Molecular alterations associated with tumor progression from p53 signature to serous tubal intraepithelial carcinoma (STIC) to high-grade serous carcinoma (HGSC). After initial clonal expansion, p53 signatures and some STICs become dormant as they lose a proliferative advantage. But some STICs continue to proliferate, gain additional cancer-promoting events, and progress to HGSC spreading to fallopian tubes, ovaries, and other pelvic organs. Compared to p53 signatures, STICs gain several features as listed, and may be involved in the progression. Similarly, as compared to STICs, HGSCs are more frequently characterized by features related to genomic instability, maintenance of telomere length, and immune cell infiltration. LINE, long-interspersed element; LOH, loss of heterozygosity.

Figure 5

Alternative pathways in the development of high-grade serous carcinoma (HGSC). A: HGSC arising from an ovarian serous cystadenoma. Top left panel: A low-magnification view showing the wall of the cystadenoma with a focal solid growth of HGSC. Top right panel: Normal-appearing epithelium surrounding the solid tumor. Bottom panel: Histologic features of an HGSC. B: HGSC developing directly on the ovarian surface.

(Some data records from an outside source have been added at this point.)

lemma sum_sq_dev_split_ge:
  fixes f :: "'b \<Rightarrow> real"
  defines "m A \<equiv> sum f A / card A"
  assumes V: "finite V" and S: "S \<subseteq> V" "S \<noteq> {}" "V - S \<noteq> {}"
  shows "real (card S) * (m S - m V)\<^sup>2
    \<le> (\<Sum>x\<in>V. (f x - m V)\<^sup>2) - (\<Sum>x\<in>S. (f x - m S)\<^sup>2) - (\<Sum>x\<in>V - S. (f x - m (V - S))\<^sup>2)"
proof -
  have fin: "finite S" "finite (V - S)" using V S finite_subset by auto
  have dec_S: "(\<Sum>x\<in>S. (f x - m V)\<^sup>2) = (\<Sum>x\<in>S. (f x - m S)\<^sup>2) + card S * (m S - m V)\<^sup>2"
    unfolding m_def by (rule sum_sq_dev_decomp[OF fin(1) S(2)])
  have dec_VS: "(\<Sum>x\<in>V - S. (f x - m V)\<^sup>2)
      = (\<Sum>x\<in>V - S. (f x - m (V - S))\<^sup>2) + card (V - S) * (m (V - S) - m V)\<^sup>2"
    unfolding m_def by (rule sum_sq_dev_decomp[OF fin(2) S(3)])
  have "(\<Sum>x\<in>V. (f x - m V)\<^sup>2) = (\<Sum>x\<in>S. (f x - m V)\<^sup>2) + (\<Sum>x\<in>V - S. (f x - m V)\<^sup>2)"
    unfolding sum.subset_diff[OF S(1) V] by (rule add.commute)
  then show ?thesis
    unfolding dec_S dec_VS by simp
qed

lemma frac_eq_mean_ind1: "finite A \<Longrightarrow> frac \<sigma> \<omega> A = sum (ind1 \<sigma> \<omega>) A / card A"
  unfolding frac_def ind1_def by (simp add: sum.If_cases Int_def)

Top left panel: A low-magnification view showing the whole ovarian section. Top right panel: The ovarian surface showing adenofibroma where the HGSC arises. Bottom panel: HGSC on the surface of adenofibroma. C: HGSC arising from an enlarged ovarian cortical inclusion cyst. Top panel: A low-magnification view of the inclusion cyst. Bottom panel: Highly atypical cells appearing on the surface of the cyst. Scale bars: 100 μm (A, top right panel and bottom panel; B, bottom panel; C, bottom panel); 1 mm (B, top right panel; C, top panel); 1 cm (A, top left panel; B, top left panel).